Exercise description = When the line with "complex) \<Rightarrow> (nat" appears below, start repeating lines exactly, and keep going through the line with "by (simp add: gram_def"; add nothing outside that span.

___ Record excerpts ___

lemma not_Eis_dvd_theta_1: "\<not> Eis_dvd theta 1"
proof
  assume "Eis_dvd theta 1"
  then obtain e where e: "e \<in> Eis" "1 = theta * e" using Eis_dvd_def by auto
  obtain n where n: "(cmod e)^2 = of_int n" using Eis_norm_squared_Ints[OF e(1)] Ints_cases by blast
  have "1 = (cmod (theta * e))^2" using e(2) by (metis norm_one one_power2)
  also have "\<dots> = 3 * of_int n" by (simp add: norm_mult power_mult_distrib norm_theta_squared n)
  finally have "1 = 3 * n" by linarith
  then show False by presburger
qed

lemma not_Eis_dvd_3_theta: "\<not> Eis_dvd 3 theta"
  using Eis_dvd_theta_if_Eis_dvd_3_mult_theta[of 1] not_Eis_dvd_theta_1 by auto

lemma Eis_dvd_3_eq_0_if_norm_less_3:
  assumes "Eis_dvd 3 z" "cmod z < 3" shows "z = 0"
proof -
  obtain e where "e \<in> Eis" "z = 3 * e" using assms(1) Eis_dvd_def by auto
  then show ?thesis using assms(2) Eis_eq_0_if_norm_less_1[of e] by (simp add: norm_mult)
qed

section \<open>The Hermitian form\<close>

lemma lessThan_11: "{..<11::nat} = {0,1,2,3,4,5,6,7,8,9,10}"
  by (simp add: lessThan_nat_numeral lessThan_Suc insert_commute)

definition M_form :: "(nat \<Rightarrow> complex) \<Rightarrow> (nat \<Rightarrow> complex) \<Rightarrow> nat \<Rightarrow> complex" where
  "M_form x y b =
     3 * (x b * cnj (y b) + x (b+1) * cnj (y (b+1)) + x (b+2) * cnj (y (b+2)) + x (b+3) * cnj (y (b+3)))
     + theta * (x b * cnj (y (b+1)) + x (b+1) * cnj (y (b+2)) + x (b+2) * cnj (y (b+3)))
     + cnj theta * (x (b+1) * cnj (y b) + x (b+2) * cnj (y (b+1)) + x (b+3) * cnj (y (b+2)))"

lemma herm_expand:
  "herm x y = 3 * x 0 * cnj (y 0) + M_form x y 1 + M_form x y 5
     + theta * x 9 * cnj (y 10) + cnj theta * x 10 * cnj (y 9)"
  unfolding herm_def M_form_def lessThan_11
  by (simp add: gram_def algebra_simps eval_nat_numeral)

___
___ Record excerpts ___

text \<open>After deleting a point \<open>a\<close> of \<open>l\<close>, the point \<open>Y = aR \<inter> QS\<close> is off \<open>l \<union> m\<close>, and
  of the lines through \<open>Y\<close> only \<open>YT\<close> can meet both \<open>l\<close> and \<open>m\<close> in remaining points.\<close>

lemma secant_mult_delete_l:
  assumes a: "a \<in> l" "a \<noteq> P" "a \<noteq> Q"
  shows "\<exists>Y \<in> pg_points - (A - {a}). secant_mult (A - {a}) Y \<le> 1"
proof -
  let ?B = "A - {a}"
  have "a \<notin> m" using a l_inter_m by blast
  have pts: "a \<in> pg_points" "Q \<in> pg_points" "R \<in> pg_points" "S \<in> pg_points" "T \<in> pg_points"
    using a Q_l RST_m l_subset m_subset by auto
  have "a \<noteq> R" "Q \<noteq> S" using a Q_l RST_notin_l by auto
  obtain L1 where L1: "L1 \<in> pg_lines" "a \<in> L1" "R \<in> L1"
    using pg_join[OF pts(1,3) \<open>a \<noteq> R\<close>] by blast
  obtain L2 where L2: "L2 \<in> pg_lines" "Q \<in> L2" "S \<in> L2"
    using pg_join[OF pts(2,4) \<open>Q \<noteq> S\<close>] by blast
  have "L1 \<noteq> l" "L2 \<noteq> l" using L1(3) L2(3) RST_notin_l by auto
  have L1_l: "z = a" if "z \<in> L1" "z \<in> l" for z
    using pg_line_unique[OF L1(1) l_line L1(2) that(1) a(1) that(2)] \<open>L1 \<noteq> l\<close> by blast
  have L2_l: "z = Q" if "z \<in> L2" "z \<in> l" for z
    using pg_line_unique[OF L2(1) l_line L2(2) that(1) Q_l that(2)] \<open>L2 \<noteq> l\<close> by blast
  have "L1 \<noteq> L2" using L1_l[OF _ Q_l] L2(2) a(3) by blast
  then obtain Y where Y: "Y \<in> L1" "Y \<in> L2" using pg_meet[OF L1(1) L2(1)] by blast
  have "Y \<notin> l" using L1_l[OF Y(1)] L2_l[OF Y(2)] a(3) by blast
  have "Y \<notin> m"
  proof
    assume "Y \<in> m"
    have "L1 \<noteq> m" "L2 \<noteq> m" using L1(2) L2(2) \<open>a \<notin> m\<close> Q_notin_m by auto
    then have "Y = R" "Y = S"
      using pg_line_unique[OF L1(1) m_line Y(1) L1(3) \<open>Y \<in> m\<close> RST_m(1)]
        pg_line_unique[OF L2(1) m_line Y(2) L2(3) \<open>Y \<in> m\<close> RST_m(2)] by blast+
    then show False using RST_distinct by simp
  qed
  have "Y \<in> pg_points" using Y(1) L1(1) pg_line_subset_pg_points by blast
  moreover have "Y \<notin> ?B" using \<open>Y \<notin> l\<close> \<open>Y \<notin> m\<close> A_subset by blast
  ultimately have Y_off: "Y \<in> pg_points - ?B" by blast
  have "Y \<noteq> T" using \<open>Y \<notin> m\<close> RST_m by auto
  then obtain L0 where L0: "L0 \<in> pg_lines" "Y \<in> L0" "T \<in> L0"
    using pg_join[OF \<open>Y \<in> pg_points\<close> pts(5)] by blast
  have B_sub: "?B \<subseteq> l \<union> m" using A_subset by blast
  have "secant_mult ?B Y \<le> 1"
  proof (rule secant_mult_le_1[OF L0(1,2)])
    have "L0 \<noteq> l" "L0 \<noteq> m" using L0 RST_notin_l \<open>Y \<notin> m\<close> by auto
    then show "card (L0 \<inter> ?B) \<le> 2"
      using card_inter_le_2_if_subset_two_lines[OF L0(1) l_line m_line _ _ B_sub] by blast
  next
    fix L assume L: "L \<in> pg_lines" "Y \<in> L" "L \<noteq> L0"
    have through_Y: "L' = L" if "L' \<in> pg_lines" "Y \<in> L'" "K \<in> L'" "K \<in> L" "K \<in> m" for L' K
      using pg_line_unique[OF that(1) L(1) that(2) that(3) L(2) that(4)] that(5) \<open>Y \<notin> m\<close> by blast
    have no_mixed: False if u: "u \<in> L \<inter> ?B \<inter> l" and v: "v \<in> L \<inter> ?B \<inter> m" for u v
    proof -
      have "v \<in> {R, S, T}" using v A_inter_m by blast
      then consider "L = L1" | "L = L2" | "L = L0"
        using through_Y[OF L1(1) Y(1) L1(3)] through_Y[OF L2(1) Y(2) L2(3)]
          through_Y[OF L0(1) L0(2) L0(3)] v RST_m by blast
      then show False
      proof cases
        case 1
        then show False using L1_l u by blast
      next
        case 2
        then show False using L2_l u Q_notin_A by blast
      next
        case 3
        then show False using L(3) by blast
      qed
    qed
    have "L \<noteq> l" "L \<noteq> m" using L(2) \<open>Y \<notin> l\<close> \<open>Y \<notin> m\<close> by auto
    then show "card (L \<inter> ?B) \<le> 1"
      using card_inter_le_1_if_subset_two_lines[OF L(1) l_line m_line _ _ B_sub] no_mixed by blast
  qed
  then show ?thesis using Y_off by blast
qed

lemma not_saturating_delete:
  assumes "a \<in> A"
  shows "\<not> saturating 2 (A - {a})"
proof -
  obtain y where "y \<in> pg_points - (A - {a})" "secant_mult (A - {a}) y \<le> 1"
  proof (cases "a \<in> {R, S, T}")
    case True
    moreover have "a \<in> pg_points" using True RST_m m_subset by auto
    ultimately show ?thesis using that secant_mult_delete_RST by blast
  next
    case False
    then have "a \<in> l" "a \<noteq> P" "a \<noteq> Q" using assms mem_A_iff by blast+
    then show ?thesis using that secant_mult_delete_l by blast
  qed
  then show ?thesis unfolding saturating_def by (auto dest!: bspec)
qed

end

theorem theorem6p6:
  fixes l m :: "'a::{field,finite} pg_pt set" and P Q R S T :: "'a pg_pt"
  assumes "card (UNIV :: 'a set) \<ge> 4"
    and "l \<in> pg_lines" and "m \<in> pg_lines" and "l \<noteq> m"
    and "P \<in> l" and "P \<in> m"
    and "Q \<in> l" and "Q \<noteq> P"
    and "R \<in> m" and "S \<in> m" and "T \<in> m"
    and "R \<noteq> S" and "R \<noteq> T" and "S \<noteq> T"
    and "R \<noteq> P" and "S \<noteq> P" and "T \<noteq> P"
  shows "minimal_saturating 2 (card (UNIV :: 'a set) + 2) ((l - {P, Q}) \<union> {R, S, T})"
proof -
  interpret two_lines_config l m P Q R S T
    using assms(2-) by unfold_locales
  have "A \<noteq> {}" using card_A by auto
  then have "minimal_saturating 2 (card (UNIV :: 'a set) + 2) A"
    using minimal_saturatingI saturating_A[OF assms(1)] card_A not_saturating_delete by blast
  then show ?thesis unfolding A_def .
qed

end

___
___ Record excerpts ___

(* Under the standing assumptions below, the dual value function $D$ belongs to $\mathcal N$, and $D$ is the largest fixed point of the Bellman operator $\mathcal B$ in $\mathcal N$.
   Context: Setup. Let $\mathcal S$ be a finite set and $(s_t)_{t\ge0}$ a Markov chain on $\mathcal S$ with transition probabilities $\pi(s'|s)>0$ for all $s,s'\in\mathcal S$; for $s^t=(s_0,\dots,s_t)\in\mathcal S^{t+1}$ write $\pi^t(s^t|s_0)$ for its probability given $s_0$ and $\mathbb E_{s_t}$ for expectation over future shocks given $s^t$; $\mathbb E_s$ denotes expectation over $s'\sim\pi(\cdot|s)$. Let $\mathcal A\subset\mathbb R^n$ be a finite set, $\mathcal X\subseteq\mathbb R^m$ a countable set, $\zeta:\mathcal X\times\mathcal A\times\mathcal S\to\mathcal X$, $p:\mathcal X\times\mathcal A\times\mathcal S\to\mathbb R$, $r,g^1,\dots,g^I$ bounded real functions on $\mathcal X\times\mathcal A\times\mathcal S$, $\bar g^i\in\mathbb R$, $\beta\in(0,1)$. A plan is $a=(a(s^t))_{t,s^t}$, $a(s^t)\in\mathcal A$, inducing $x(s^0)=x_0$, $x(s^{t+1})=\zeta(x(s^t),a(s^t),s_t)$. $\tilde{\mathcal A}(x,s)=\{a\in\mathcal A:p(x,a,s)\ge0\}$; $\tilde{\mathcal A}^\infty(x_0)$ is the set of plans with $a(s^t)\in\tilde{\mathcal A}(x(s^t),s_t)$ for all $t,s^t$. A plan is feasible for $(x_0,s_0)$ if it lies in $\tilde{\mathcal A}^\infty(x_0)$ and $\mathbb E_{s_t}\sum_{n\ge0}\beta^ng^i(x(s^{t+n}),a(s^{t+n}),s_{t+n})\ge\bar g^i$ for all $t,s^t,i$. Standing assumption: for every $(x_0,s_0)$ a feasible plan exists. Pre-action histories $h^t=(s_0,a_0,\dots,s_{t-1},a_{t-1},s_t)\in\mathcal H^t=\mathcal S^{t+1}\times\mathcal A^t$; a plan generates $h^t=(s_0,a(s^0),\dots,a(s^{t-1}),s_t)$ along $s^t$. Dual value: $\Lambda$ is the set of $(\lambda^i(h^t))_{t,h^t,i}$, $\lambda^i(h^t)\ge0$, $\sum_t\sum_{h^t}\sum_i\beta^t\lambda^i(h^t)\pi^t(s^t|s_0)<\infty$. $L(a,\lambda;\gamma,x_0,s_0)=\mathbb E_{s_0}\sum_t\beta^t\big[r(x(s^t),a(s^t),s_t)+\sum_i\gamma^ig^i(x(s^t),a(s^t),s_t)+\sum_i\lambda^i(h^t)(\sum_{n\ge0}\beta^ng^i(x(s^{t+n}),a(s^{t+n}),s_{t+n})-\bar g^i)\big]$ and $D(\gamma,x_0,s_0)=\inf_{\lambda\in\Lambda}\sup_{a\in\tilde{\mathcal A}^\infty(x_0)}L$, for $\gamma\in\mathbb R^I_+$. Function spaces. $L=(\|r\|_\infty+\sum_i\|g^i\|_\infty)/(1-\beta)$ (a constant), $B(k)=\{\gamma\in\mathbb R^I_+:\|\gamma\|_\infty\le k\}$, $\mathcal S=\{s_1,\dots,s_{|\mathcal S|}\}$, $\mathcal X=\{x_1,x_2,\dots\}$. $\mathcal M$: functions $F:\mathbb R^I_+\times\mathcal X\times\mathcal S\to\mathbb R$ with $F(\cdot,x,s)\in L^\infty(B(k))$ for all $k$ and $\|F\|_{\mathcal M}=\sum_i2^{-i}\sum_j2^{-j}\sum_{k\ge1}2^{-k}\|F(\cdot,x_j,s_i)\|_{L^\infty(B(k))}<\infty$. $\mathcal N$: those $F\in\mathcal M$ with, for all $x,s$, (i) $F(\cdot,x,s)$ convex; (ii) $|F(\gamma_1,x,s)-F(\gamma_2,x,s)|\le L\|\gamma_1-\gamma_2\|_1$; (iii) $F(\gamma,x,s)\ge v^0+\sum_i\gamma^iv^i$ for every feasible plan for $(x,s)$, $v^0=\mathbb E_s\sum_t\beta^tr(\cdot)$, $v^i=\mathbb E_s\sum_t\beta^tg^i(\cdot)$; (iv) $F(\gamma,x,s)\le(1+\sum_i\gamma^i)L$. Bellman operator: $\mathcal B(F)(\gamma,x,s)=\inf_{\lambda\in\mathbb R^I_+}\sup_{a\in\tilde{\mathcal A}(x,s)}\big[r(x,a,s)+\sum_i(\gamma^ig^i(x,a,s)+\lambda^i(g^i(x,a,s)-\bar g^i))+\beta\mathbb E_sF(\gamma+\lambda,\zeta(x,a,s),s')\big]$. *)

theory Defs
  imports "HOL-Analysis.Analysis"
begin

___

Result =
definition M_form :: "(nat \<Rightarrow> complex) \<Rightarrow> (nat \<Rightarrow> complex) \<Rightarrow> nat \<Rightarrow> complex" where
  "M_form x y b =
     3 * (x b * cnj (y b) + x (b+1) * cnj (y (b+1)) + x (b+2) * cnj (y (b+2)) + x (b+3) * cnj (y (b+3)))
     + theta * (x b * cnj (y (b+1)) + x (b+1) * cnj (y (b+2)) + x (b+2) * cnj (y (b+3)))
     + cnj theta * (x (b+1) * cnj (y b) + x (b+2) * cnj (y (b+1)) + x (b+3) * cnj (y (b+2)))"

lemma herm_expand:
  "herm x y = 3 * x 0 * cnj (y 0) + M_form x y 1 + M_form x y 5
     + theta * x 9 * cnj (y 10) + cnj theta * x 10 * cnj (y 9)"
  unfolding herm_def M_form_def lessThan_11
  by (simp add: gram_def algebra_simps eval_nat_numeral)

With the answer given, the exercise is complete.